The PPOD Index was developed to answer the question, “What is the likelihood (0–100%) that an individual patient meets or exceeds the diagnostic threshold for a particular disorder given his or her pattern of symptoms?” (Lindhiem et al., 2013). In this study, we extend the PPOD Index by adapting it for use as a screening aid. Specifically, we proposed a simple method to make the PPOD Index more conservative when applied to screening data—which typically come from settings where the target condition will be rare, thereby improving its calibration. The adjustment takes into account the base rate of the new criterion (in this case a final consensus diagnosis) and results in enhanced calibration. Accurate calibration is vital when a clinical tool will be used to guide clinical decision-making at an individual level. We applied the PPOD Index to screening data from the parent-report form of the VAS and demonstrated a method to enhance accuracy in terms of calibration. Our results suggest that the original PPOD Index was poorly calibrated (over-confident) when applied to screening data, but is easily adjusted by re-applying Bayes’ theorem to predict the probability of the new criterion.

Clinical Implications

Implementation of the PPOD Index in pediatric and other primary care settings has the potential to minimize inaccuracies in diagnoses that stem from a reliance on data from unstructured diagnostic interviews or screening instruments, which yield a lower degree of confidence in diagnosis as compared to gold-standard diagnostic evaluations informed by multiple sources. Unstructured interviews remain the most common method of making diagnoses in practice, despite extensively documented shortcomings in terms of accuracy and vulnerability to biases (Garb, 1998; Rettew, Lynch, Achenbach, Dumenci, & Ivanova, 2009). As discussed earlier, rating scales can have adequate discriminability, but poor calibration in the sense that they are inconsistent regarding how well their predicted probabilities map onto individual patients’ observed outcomes. The adjusted PPOD Index is designed to provide information that will help clinicians to interpret screening results and, in turn, make more informed clinical decisions. Specifically, the adjusted PPOD Index informs the clinician how likely his or her patient is to have a particular disorder based on the patient’s pattern of responses on a particular screening instrument.
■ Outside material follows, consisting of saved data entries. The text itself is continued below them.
(* Let $\alpha\in(0,1)$ and $n\ge1$. For every configuration $w\in\mathcal{W}_{2n}$, $$(1+n)^\alpha\le\phi_\alpha(w)\le(2n)^{\alpha+1},$$ and the lower bound is attained if and only if $E(w)=0$.
   Context: A configuration of length $m$ is a word $w=w_1\cdots w_m$ over $\{1,2\}$ with $|w|_1=|w|_2$; $\mathcal{W}_m$ is the set of such words. $E(w)$ is the number of indices $i$ with $w_i=w_{i+1}$ (mismatches). Dyck factors: write $w=p\cdot v\cdot s$ with $v=v_1\cdots v_k$ a nonempty factor (occurring at a given position). $v$ is a positive Dyck factor of height $|p|_1-|p|_2$ if $|v|_1=|v|_2$, $|v_1\cdots v_i|_1\ge|v_1\cdots v_i|_2$ for all $1\le i\le k$, and $|p|_1-|p|_2\ge0$. A negative Dyck factor is defined by exchanging the letters $1$ and $2$ in these three conditions. A Dyck factor is maximal if no Dyck factor with the same height contains it. For $\alpha\in(0,1)$, $\phi_\alpha(w)=\sum_{v\in\mathrm{DF}(w)}(1+|v|_1)^\alpha$, where $\mathrm{DF}(w)$ is the set of (occurrences of) maximal Dyck factors of $w$. *)

theory Defs
  imports Complex_Main
begin

text \<open>Words over {1,2} are lists of naturals. Positions are 0-indexed.
  An occurrence of a factor is a pair (i,k): it starts after the prefix
  p = take i w and is v = take k (drop i w).\<close>

definition cnt :: "nat \<Rightarrow> nat list \<Rightarrow> nat" where
  "cnt a xs = length (filter (\<lambda>x. x = a) xs)"

definition configs :: "nat \<Rightarrow> nat list set" where
  "configs m = {w. set w \<subseteq> {1,2} \<and> length w = m \<and> cnt 1 w = cnt 2 w}"

definition mismatches :: "nat list \<Rightarrow> nat" where
  "mismatches w = card {i. i + 1 < length w \<and> w ! i = w ! (i + 1)}"

definition factor :: "nat list \<Rightarrow> nat \<Rightarrow> nat \<Rightarrow> nat list" where
  "factor w i k = take k (drop i w)"

definition height :: "nat list \<Rightarrow> nat \<Rightarrow> int" where
  "height w i = int (cnt 1 (take i w)) - int (cnt 2 (take i w))"

definition pos_dyck_factor :: "nat list \<Rightarrow> nat \<Rightarrow> nat \<Rightarrow> bool" where
  "pos_dyck_factor w i k \<longleftrightarrow> 1 \<le> k \<and> i + k \<le> length w \<and>
     cnt 1 (factor w i k) = cnt 2 (factor w i k) \<and>
     (\<forall>j\<in>{1..k}. cnt 1 (take j (factor w i k)) \<ge> cnt 2 (take j (factor w i k))) \<and>
     cnt 1 (take i w) \<ge> cnt 2 (take i w)"

definition neg_dyck_factor :: "nat list \<Rightarrow> nat \<Rightarrow> nat \<Rightarrow> bool" where
  "neg_dyck_factor w i k \<longleftrightarrow> 1 \<le> k \<and> i + k \<le> length w \<and>
     cnt 2 (factor w i k) = cnt 1 (factor w i k) \<and>
     (\<forall>j\<in>{1..k}. cnt 2 (take j (factor w i k)) \<ge> cnt 1 (take j (factor w i k))) \<and>
     cnt 2 (take i w) \<ge> cnt 1 (take i w)"

definition dyck_factor :: "nat list \<Rightarrow> nat \<Rightarrow> nat \<Rightarrow> bool" where
  "dyck_factor w i k \<longleftrightarrow> pos_dyck_factor w i k \<or> neg_dyck_factor w i k"

definition maximal_dyck_factor :: "nat list \<Rightarrow> nat \<Rightarrow> nat \<Rightarrow> bool" where
  "maximal_dyck_factor w i k \<longleftrightarrow> dyck_factor w i k \<and>
     \<not> (\<exists>i' k'. dyck_factor w i' k' \<and> height w i' = height w i \<and>
            i' \<le> i \<and> i + k \<le> i' + k' \<and> (i', k') \<noteq> (i, k))"

definition DF :: "nat list \<Rightarrow> (nat \<times> nat) set" where
  "DF w = {(i, k). maximal_dyck_factor w i k}"

definition phi :: "real \<Rightarrow> nat list \<Rightarrow> real" where
  "phi \<alpha> w = (\<Sum>(i, k)\<in>DF w. (1 + real (cnt 1 (factor w i k))) powr \<alpha>)"

end

theory Submission
  imports Defs
begin

text \<open>Maximal Dyck factors starting at the same position coincide, so there are at most 2n
  of them, each with at most n letters 1; this gives the upper bound. The maximal Dyck factors
  of height 0 cover the word, hence contain all n letters 1 between them, and strict
  subadditivity of t \<mapsto> t powr \<alpha> yields the lower bound, with equality only if the
  whole word is the unique maximal Dyck factor. This happens exactly for alternating words: a
  repeated letter inside a Dyck word opens a Dyck factor of non-zero height.\<close>

section \<open>Letter counts and heights\<close>

lemma cnt_append [simp]: "cnt a (xs @ ys) = cnt a xs + cnt a ys"
  by (simp add: cnt_def)

lemma cnt_take_le: "cnt a (take k xs) \<le> cnt a xs"
  using cnt_append[of a "take k xs" "drop k xs"] by simp

lemma cnt_factor_le: "cnt a (factor w i k) \<le> cnt a w"
  unfolding factor_def using cnt_take_le cnt_append[of a "take i w" "drop i w"]
  by (metis append_take_drop_id le_add2 le_trans)

lemma cnt_take_eq_card: "m \<le> length w \<Longrightarrow> cnt a (take m w) = card {p. p < m \<and> w ! p = a}"
  unfolding cnt_def length_filter_conv_card by (rule arg_cong[where f = card]) auto

lemma cnt_factor_eq_card:
  assumes "i + k \<le> length w"
  shows "cnt a (factor w i k) = card {p. i \<le> p \<and> p < i + k \<and> w ! p = a}"
proof -
  have split: "{p. p < i + k \<and> w ! p = a} = {p. p < i \<and> w ! p = a} \<union> {p. i \<le> p \<and> p < i + k \<and> w ! p = a}"
    by auto
  have "card {p. p < i + k \<and> w ! p = a} =
      card {p. p < i \<and> w ! p = a} + card {p. i \<le> p \<and> p < i + k \<and> w ! p = a}"
    unfolding split by (rule card_Un_disjoint) auto
  moreover have "cnt a (take (i + k) w) = cnt a (take i w) + cnt a (factor w i k)"
    by (simp add: factor_def take_add)
  ultimately show ?thesis
    using cnt_take_eq_card[of "i + k" w a] cnt_take_eq_card[of i w a] assms by simp
qed

lemma cnt_1_add_cnt_2: "set xs \<subseteq> {1, 2} \<Longrightarrow> cnt 1 xs + cnt 2 xs = length xs"
  by (induction xs) (auto simp: cnt_def)

lemma mem_configsD:
  assumes "w \<in> configs (2 * n)"
  shows "set w \<subseteq> {1, 2}" "length w = 2 * n" "cnt 1 w = n" "height w (length w) = 0"
proof -
  have w: "set w \<subseteq> {1, 2}" "length w = 2 * n" "cnt 1 w = cnt 2 w"
    using assms by (auto simp: configs_def)
  then show "set w \<subseteq> {1, 2}" "length w = 2 * n" by simp_all
  show "cnt 1 w = n" "height w (length w) = 0"
    using cnt_1_add_cnt_2[OF w(1)] w(2,3) by (auto simp: height_def)
qed

lemma height_0 [simp]: "height w 0 = 0"
  by (simp add: height_def cnt_def)

lemma height_factor:
  "t \<le> k \<Longrightarrow> height w (i + t) = height w i + height (factor w i k) t"
  by (simp add: height_def factor_def take_add min_absorb1)

lemma height_factor_length: "height (factor w i k) k = int (cnt 1 (factor w i k)) - int (cnt 2 (factor w i k))"
  by (simp add: height_def factor_def)

lemma height_Suc_cases:
  assumes "set w \<subseteq> {1, 2}" and "m < length w"
  shows "height w (Suc m) = height w m + 1 \<and> w ! m = 1 \<or> height w (Suc m) = height w m - 1 \<and> w ! m = 2"
proof -
  have "w ! m \<in> {1, 2}" using assms nth_mem by blast
  then show ?thesis using assms(2) by (auto simp: height_def take_Suc_conv_app_nth cnt_def)
qed

section \<open>Dyck factors in terms of heights\<close>

lemma pos_dyck_factor_iff_height:
  "pos_dyck_factor w i k \<longleftrightarrow> 1 \<le> k \<and> i + k \<le> length w \<and> height w (i + k) = height w i \<and>
     (\<forall>t\<in>{1..k}. height w i \<le> height w (i + t)) \<and> 0 \<le> height w i"
proof -
  have "cnt 2 (take t (factor w i k)) \<le> cnt 1 (take t (factor w i k)) \<longleftrightarrow>
      height w i \<le> height w (i + t)" if "t \<le> k" for t
    using height_factor[OF that, of w i] by (simp add: height_def)
  moreover have "cnt 1 (factor w i k) = cnt 2 (factor w i k) \<longleftrightarrow> height w (i + k) = height w i"
    using height_factor[of k k w i] height_factor_length[of w i k] by simp
  moreover have "cnt 2 (take i w) \<le> cnt 1 (take i w) \<longleftrightarrow> 0 \<le> height w i"
    by (simp add: height_def)
  ultimately show ?thesis
    unfolding pos_dyck_factor_def by (metis (no_types, lifting) atLeastAtMost_iff)
qed

text \<open>Exchanging the letters turns negative Dyck factors into positive ones, so statements
  about negative factors are obtained from the positive case.\<close>

definition swap_letters :: "nat list \<Rightarrow> nat list" where
  "swap_letters = map (\<lambda>x. 3 - x)"

lemma cnt_swap_letters:
  "cnt 1 (swap_letters xs) = cnt 2 xs" "cnt 2 (swap_letters xs) = cnt 1 xs"
  by (induction xs) (auto simp: cnt_def swap_letters_def)

lemma take_swap_letters [simp]: "take i (swap_letters xs) = swap_letters (take i xs)"
  by (simp add: swap_letters_def take_map)

lemma factor_swap_letters [simp]: "factor (swap_letters w) i k = swap_letters (factor w i k)"
  by (simp add: factor_def swap_letters_def take_map drop_map)

lemma length_swap_letters [simp]: "length (swap_letters w) = length w"
  by (simp add: swap_letters_def)

lemma height_swap_letters [simp]: "height (swap_letters w) i = - height w i"
  unfolding height_def take_swap_letters cnt_swap_letters by simp

lemma set_swap_letters: "set w \<subseteq> {1, 2} \<Longrightarrow> set (swap_letters w) \<subseteq> {1, 2}"
  by (auto simp: swap_letters_def)

lemma neg_dyck_factor_iff_swap_letters:
  "neg_dyck_factor w i k \<longleftrightarrow> pos_dyck_factor (swap_letters w) i k"
  unfolding neg_dyck_factor_def pos_dyck_factor_def
  by (simp only: factor_swap_letters take_swap_letters cnt_swap_letters length_swap_letters)

lemma neg_dyck_factor_iff_height:
  "neg_dyck_factor w i k \<longleftrightarrow> 1 \<le> k \<and> i + k \<le> length w \<and> height w (i + k) = height w i \<and>
     (\<forall>t\<in>{1..k}. height w (i + t) \<le> height w i) \<and> height w i \<le> 0"
  unfolding neg_dyck_factor_iff_swap_letters pos_dyck_factor_iff_height by auto

text \<open>The factor closes at the first return of the height to its starting value.\<close>

lemma pos_dyck_factor_from_up_step:
  assumes w: "set w \<subseteq> {1, 2}" and nonneg: "0 \<le> height w i"
    and up: "height w (Suc i) = height w i + 1"
    and m: "i < m" "m \<le> length w" "height w m \<le> height w i"
  shows "\<exists>k. pos_dyck_factor w i k"
proof -
  define P where "P j \<longleftrightarrow> i < j \<and> j \<le> length w \<and> height w j \<le> height w i" for j
  obtain l where l: "P l" and below: "\<And>j. j < l \<Longrightarrow> \<not> P j"
    using m exists_least_iff[of P] unfolding P_def by blast
  have above: "height w i < height w j" if "i < j" "j < l" for j
    using below[OF that(2)] l that by (auto simp: P_def)
  have "l \<noteq> Suc i" using l up by (auto simp: P_def)
  then obtain q where q: "l = Suc q" "i < q" using l by (cases l) (auto simp: P_def)
  have "height w l \<ge> height w q - 1"
    using height_Suc_cases[OF w, of q] l q by (auto simp: P_def)
  then have return: "height w l = height w i" using above[of q] l q by (auto simp: P_def)
  have "pos_dyck_factor w i (l - i)"
    unfolding pos_dyck_factor_iff_height
  proof (intro conjI ballI)
    fix t assume "t \<in> {1..l - i}"
    then have "i < i + t" "i + t \<le> l" using q by auto
    then show "height w i \<le> height w (i + t)"
      using above[of "i + t"] return by (cases "i + t = l") auto
  qed (use l q return nonneg in \<open>auto simp: P_def\<close>)
  then show ?thesis ..
qed

lemma dyck_factor_from_zero_height:
  assumes w: "set w \<subseteq> {1, 2}" and "height w (length w) = 0"
    and j: "j < length w" "height w j = 0"
  shows "\<exists>k. dyck_factor w j k"
  using height_Suc_cases[OF w j(1)]
proof
  assume "height w (Suc j) = height w j + 1 \<and> w ! j = 1"
  then have "\<exists>k. pos_dyck_factor w j k"
    using pos_dyck_factor_from_up_step[OF w, of j "length w"] assms by auto
  then show ?thesis by (auto simp: dyck_factor_def)
next
  assume "height w (Suc j) = height w j - 1 \<and> w ! j = 2"
  then have "\<exists>k. pos_dyck_factor (swap_letters w) j k"
    using pos_dyck_factor_from_up_step[OF set_swap_letters[OF w], of j "length w"] assms by auto
  then show ?thesis by (auto simp: dyck_factor_def neg_dyck_factor_iff_swap_letters)
qed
Whereas the original PPOD Index does a similar task for actual symptom patterns, we modified the adjusted PPOD Index to yield more appropriately conservative estimates.

The information provided by the adjusted PPOD Index may inform a clinician’s decision regarding whether or not to seek a second opinion, perform additional assessment of a particular diagnosis, or to obtain information from additional sources. On a larger scale, data derived from the adjusted PPOD Index may allow healthcare settings to flag sub-populations of patients for targeted assessment and treatment. For example, in situations in which rating scale data is obtained by patients at intake and recorded in their medical records, the adjusted PPOD Index, which could be programmed into electronic medical record algorithms, could indicate to clinicians which patients need additional attention. The entire process of identifying high-risk patients could occur in the background, prior to clinician’s involvement. This notion is attractive, especially given the many competing demands that exist in healthcare settings and the scarcity of resources, including staff time and sufficient insurance reimbursement, to address them (Gardner, Kelleher, Pajer, & Campo, 2003; Knapp & Foy, 2012; Wren, Bridge, & Birmaher, 2004). With technological advances happening rapidly and electronic medical records becoming more prevalent and sophisticated, the feasibility of implementing the adjusted PPOD Index within healthcare settings is quite promising.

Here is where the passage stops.